lemma sets_type_outcome_event:
  assumes "A \<in> sets borel"
  shows "{l. Q (snd l) \<and> outcome d l \<in> A} \<in> sets latentM"
proof -
  have [measurable]: "(\<lambda>l::latent. Q (snd l)) \<in> measurable latentM (count_space UNIV)"
    by (rule measurable_compose[OF measurable_latent_type]) simp
  have "{l \<in> space latentM. Q (snd l) \<and> outcome d l \<in> A} \<in> sets latentM"
    using assms by measurable
  then show ?thesis by simp
qed

lemma measure_eq_obsM_cells:
  assumes M: "sets M = sets obsM" and N: "sets N = sets obsM"
    and cells: "\<And>A d z. A \<in> sets borel \<Longrightarrow> emeasure M (obs_cell A d z) = emeasure N (obs_cell A d z)"
  shows "M = N"
proof (rule measure_eqI)
  show "sets M = sets N" using M N by simp
  fix X assume X: "X \<in> sets M"
  define slice where "slice i = (\<lambda>y. (y, fst i, snd i)) -` X" for i :: "bool \<times> bool"
  have sets_slice: "slice i \<in> sets borel" for i
  proof -
    have "(\<lambda>y. (y, fst i, snd i)) \<in> measurable borel obsM" unfolding obsM_eq by measurable
    from measurable_sets[OF this, of X] show ?thesis using X M by (simp add: slice_def)
  qed
  have X_eq: "X = (\<Union>i. obs_cell (slice i) (fst i) (snd i))"
    by (auto simp: obs_cell_def slice_def)
  have disj: "disjoint_family (\<lambda>i. obs_cell (slice i) (fst i) (snd i))"
    by (auto simp: disjoint_family_on_def obs_cell_def)
  have "emeasure M X = (\<Sum>i\<in>UNIV. emeasure M (obs_cell (slice i) (fst i) (snd i)))"
    unfolding X_eq using sets_obs_cell[OF sets_slice] M disj
    by (subst sum_emeasure) auto
  also have "\<dots> = (\<Sum>i\<in>UNIV. emeasure N (obs_cell (slice i) (fst i) (snd i)))"
    using cells sets_slice by simp
  also have "\<dots> = emeasure N X"
    unfolding X_eq using sets_obs_cell[OF sets_slice] N disj
    by (subst sum_emeasure) auto
  finally show "emeasure M X = emeasure N X" .
qed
--------
**Problem description**:
Once the line containing "using cells sets_slice by simp" has been set down, nothing more is wanted; set down each line of the listing above up to it exactly, starting with the first.

**Answer section**:
lemma sets_type_outcome_event:
  assumes "A \<in> sets borel"
  shows "{l. Q (snd l) \<and> outcome d l \<in> A} \<in> sets latentM"
proof -
  have [measurable]: "(\<lambda>l::latent. Q (snd l)) \<in> measurable latentM (count_space UNIV)"
    by (rule measurable_compose[OF measurable_latent_type]) simp
  have "{l \<in> space latentM. Q (snd l) \<and> outcome d l \<in> A} \<in> sets latentM"
    using assms by measurable
  then show ?thesis by simp
qed

lemma measure_eq_obsM_cells:
  assumes M: "sets M = sets obsM" and N: "sets N = sets obsM"
    and cells: "\<And>A d z. A \<in> sets borel \<Longrightarrow> emeasure M (obs_cell A d z) = emeasure N (obs_cell A d z)"
  shows "M = N"
proof (rule measure_eqI)
  show "sets M = sets N" using M N by simp
  fix X assume X: "X \<in> sets M"
  define slice where "slice i = (\<lambda>y. (y, fst i, snd i)) -` X" for i :: "bool \<times> bool"
  have sets_slice: "slice i \<in> sets borel" for i
  proof -
    have "(\<lambda>y. (y, fst i, snd i)) \<in> measurable borel obsM" unfolding obsM_eq by measurable
    from measurable_sets[OF this, of X] show ?thesis using X M by (simp add: slice_def)
  qed
  have X_eq: "X = (\<Union>i. obs_cell (slice i) (fst i) (snd i))"
    by (auto simp: obs_cell_def slice_def)
  have disj: "disjoint_family (\<lambda>i. obs_cell (slice i) (fst i) (snd i))"
    by (auto simp: disjoint_family_on_def obs_cell_def)
  have "emeasure M X = (\<Sum>i\<in>UNIV. emeasure M (obs_cell (slice i) (fst i) (snd i)))"
    unfolding X_eq using sets_obs_cell[OF sets_slice] M disj
    by (subst sum_emeasure) auto
  also have "\<dots> = (\<Sum>i\<in>UNIV. emeasure N (obs_cell (slice i) (fst i) (snd i)))"
    using cells sets_slice by simp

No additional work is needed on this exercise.